(Stored items)
########

lemma beta_kernel_integrable: "x > 0 \<Longrightarrow> set_integrable lborel {0..1} (beta_kernel x)"
  unfolding beta_kernel_def[abs_def] by (rule integrable_Beta)

lemma has_integral_beta_kernel: "x > 0 \<Longrightarrow> (beta_kernel x has_integral Beta x x) {0..1}"
  unfolding beta_kernel_def[abs_def] by (rule has_integral_Beta_real)

lemma convex_combination_pos:
  fixes t X Y :: real
  assumes "0 \<le> t" "t \<le> 1" "0 < X" "0 < Y"
  shows "0 < (1 - t) * X + t * Y"
  using assms by (cases "t < 1") (auto intro: add_pos_nonneg add_nonneg_pos)

locale quadratic_beta =
  fixes a c :: real
  assumes a_sq_less: "a^2 < c" and a1_sq_less: "(a + 1)^2 < c"
begin

definition "A t = c - a * (a + t)"
definition "B t = c - (a + 1) * (a + t)"
definition "C t = c - (a + t)^2"
definition "D t = c - (a - t) * (a + t)"
definition "K = c - (a + 1)^2"

lemma K_pos: "K > 0"
  using a1_sq_less by (simp add: K_def)

lemma a_mult_a1_less: "a * (a + 1) < c"
proof -
  have "c - a * (a + 1) = ((c - a^2) + K + 1) / 2"
    by (simp add: K_def power2_eq_square algebra_simps)
  also have "\<dots> > 0"
    using a_sq_less K_pos by simp
  finally show ?thesis
    by simp
qed

lemma c_plus_a_mult_a1_pos: "c + a * (a + 1) > 0"
proof -
  have "c + a * (a + 1) = ((c - a^2) + K) / 2 + 2 * (a + 1/2)^2"
    by (simp add: K_def power2_eq_square field_simps)
  also have "\<dots> > 0"
    using a_sq_less K_pos by (intro add_pos_nonneg) auto
  finally show ?thesis .
qed

lemma A_pos: "t \<in> {0..1} \<Longrightarrow> A t > 0"
proof -
  have "A t = (1 - t) * (c - a^2) + t * (c - a * (a + 1))"
    by (simp add: A_def power2_eq_square algebra_simps)
  then show "t \<in> {0..1} \<Longrightarrow> A t > 0"
    using convex_combination_pos a_sq_less a_mult_a1_less by simp
qed

lemma B_pos: "t \<in> {0..1} \<Longrightarrow> B t > 0"
proof -
  have "B t = (1 - t) * (c - a * (a + 1)) + t * K"
    by (simp add: B_def K_def power2_eq_square algebra_simps)
  then show "t \<in> {0..1} \<Longrightarrow> B t > 0"
    using convex_combination_pos a_mult_a1_less K_pos by simp
qed

lemma C_pos: "t \<in> {0..1} \<Longrightarrow> C t > 0"
proof -
  have "C t = ((1 - t) * (c - a^2) + t * K) + t * (1 - t)"
    by (simp add: C_def K_def power2_eq_square algebra_simps)
  then show "t \<in> {0..1} \<Longrightarrow> C t > 0"
    using convex_combination_pos[of t "c - a^2" K] a_sq_less K_pos
    by (smt (verit) atLeastAtMost_iff mult_nonneg_nonneg)
qed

########

**Instructions for the task:**
Using the data above, restate word for word the lines from its opening line through the line that contains "0 \<Longrightarrow> (beta_kernel", and no more.

**Task solution:**
lemma beta_kernel_integrable: "x > 0 \<Longrightarrow> set_integrable lborel {0..1} (beta_kernel x)"
  unfolding beta_kernel_def[abs_def] by (rule integrable_Beta)

lemma has_integral_beta_kernel: "x > 0 \<Longrightarrow> (beta_kernel x has_integral Beta x x) {0..1}"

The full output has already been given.